Label-Free Entropy Criterion: Introduced a novel importance evaluation metric based on information entropy derived from inter-instance similarity. This solves the "black-box" problem, enabling pruning of models with undisclosed loss functions or missing modules (e.g., DINOv2).
Adaptive Pruning Strategy: Developed a binary search-based approach that automatically determines the optimal pruning depth for each module based on redundancy, eliminating the need for predefined compression ratios.
Efficient Performance Recovery: Demonstrated that knowledge distillation can be applied directly due to structural affinity, achieving near-lossless recovery without complex alignment mechanisms.

4. Experimental Results

The method was evaluated on state-of-the-art large ViTs, including OpenCLIP-g/G, EVA-CLIP-E/8B, and DINOv2-g.

Compression Efficiency: Achieved roughly 40% reduction in both parameters and FLOPs across all tested models.
Inference Speed: Delivered approximately 1.5x inference acceleration (e.g., OpenCLIP-g throughput increased from 150.8 to 222.3 imgs/s).
Performance Recovery (Distilled):
- Distilled models recovered performance to match or slightly exceed the original models.
- Example: Distilled EVA-CLIP-8B achieved 82.9% average accuracy (vs. 82.9% original) with 40% fewer parameters.
- Example: Distilled DINOv2-g achieved 83.5% kNN accuracy (vs. 83.5% original) with only 54.4% of the original parameters.
Zero-Shot Performance (Without Fine-tuning):
- Even without knowledge distillation, the pruned models significantly outperformed other pruning methods.
- Example: On OpenCLIP-g, the pruned model (without distillation) achieved 53.8% average accuracy, compared to 11.1% for NViT and 9.6% for standard Taylor pruning.
Ablation Studies:
- Replacing the entropy criterion with cross-entropy dropped average accuracy from 53.8% to 50.0%.
- Replacing binary search with uniform pruning dropped accuracy from 53.8% to 7.3%, highlighting the necessity of adaptive pruning.

5. Significance

This paper addresses a critical bottleneck in deploying large-scale vision models: the trade-off between model capacity and computational cost.

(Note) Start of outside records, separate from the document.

definition covering_prefix ::
  "('t, 'a) nba \<Rightarrow> (nat \<Rightarrow> 'a) \<Rightarrow> (nat \<Rightarrow> bool) \<Rightarrow> nat \<Rightarrow> (nat \<Rightarrow> 't) \<Rightarrow> bool" where
  "covering_prefix B w P n f \<longleftrightarrow> f 0 \<in> init B \<and> (\<forall>i<n. (f i, w i, f (Suc i)) \<in> trans B)
     \<and> (\<forall>i\<le>n. P i \<longrightarrow> f i \<in> final B)"

lemma covering_prefix_mono:
  "covering_prefix B w P n f \<Longrightarrow> m \<le> n \<Longrightarrow> covering_prefix B w P m f"
  unfolding covering_prefix_def by auto

lemma bw_di_trinc_union_covering_prefix:
  assumes trinc: "bw_di_trinc (nba_union A B) (Inl (r n)) (Inr q)"
    and "r 0 \<in> init A" and "\<forall>i. (r i, w i, r (Suc i)) \<in> trans A"
  shows "\<exists>f. covering_prefix B w (\<lambda>i. r i \<in> final A) n f"
proof -
  let ?U = "nba_union A B"
  have "(Inl \<circ> r) 0 \<in> init ?U
      \<and> (\<forall>i < length (map w [0..<n]). ((Inl \<circ> r) i, map w [0..<n] ! i, (Inl \<circ> r) (Suc i)) \<in> trans ?U)
      \<and> (Inl \<circ> r) (length (map w [0..<n])) = Inl (r n)"
    using assms(2,3) by simp
  from trinc[unfolded bw_di_trinc_def, rule_format, OF this]
  obtain qs where q0: "qs 0 \<in> init ?U" and qt: "\<And>i. i < n \<Longrightarrow> (qs i, w i, qs (Suc i)) \<in> trans ?U"
    and qn: "qs n = Inr q" and qf: "\<And>i. i \<le> n \<Longrightarrow> r i \<in> final A \<Longrightarrow> qs i \<in> final ?U"
    by auto
  have Inr: "qs i \<in> range Inr" if "i \<le> n" for i
    using that
  proof (induction i rule: inc_induct)
    case base
    then show ?case using qn by simp
  next
    case (step i)
    then obtain p where "(qs i, w i, Inr p) \<in> trans ?U" using qt by fastforce
    then show ?case by (rule nba_union_trans_into_Inr)
  qed
  define f where "f = projr \<circ> qs"
  have f: "qs i = Inr (f i)" if "i \<le> n" for i
  proof -
    from Inr[OF that] obtain p where "qs i = Inr p" by blast
    then show ?thesis by (simp add: f_def)
  qed
  have "covering_prefix B w (\<lambda>i. r i \<in> final A) n f"
    unfolding covering_prefix_def
  proof (intro conjI allI impI)
    show "f 0 \<in> init B" using q0 f[of 0] by simp
    show "(f i, w i, f (Suc i)) \<in> trans B" if "i < n" for i
      using qt[OF that] f[of i] f[of "Suc i"] that by simp
    show "f i \<in> final B" if "i \<le> n" and "r i \<in> final A" for i
      using qf[OF that] f[OF that(1)] by simp
  qed
  then show ?thesis by blast
qed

Generalizability: By removing the dependency on labels and specific training heads, AMP makes pruning accessible for a wider range of proprietary or partially open-source models.
Adaptivity: The binary search mechanism ensures that compression is data-driven and model-specific, maximizing efficiency without manual hyperparameter tuning.
State-of-the-Art Results: The method sets a new benchmark for pruning large ViTs, achieving massive parameter reduction with negligible performance loss, even in zero-shot scenarios where the model is not retrained.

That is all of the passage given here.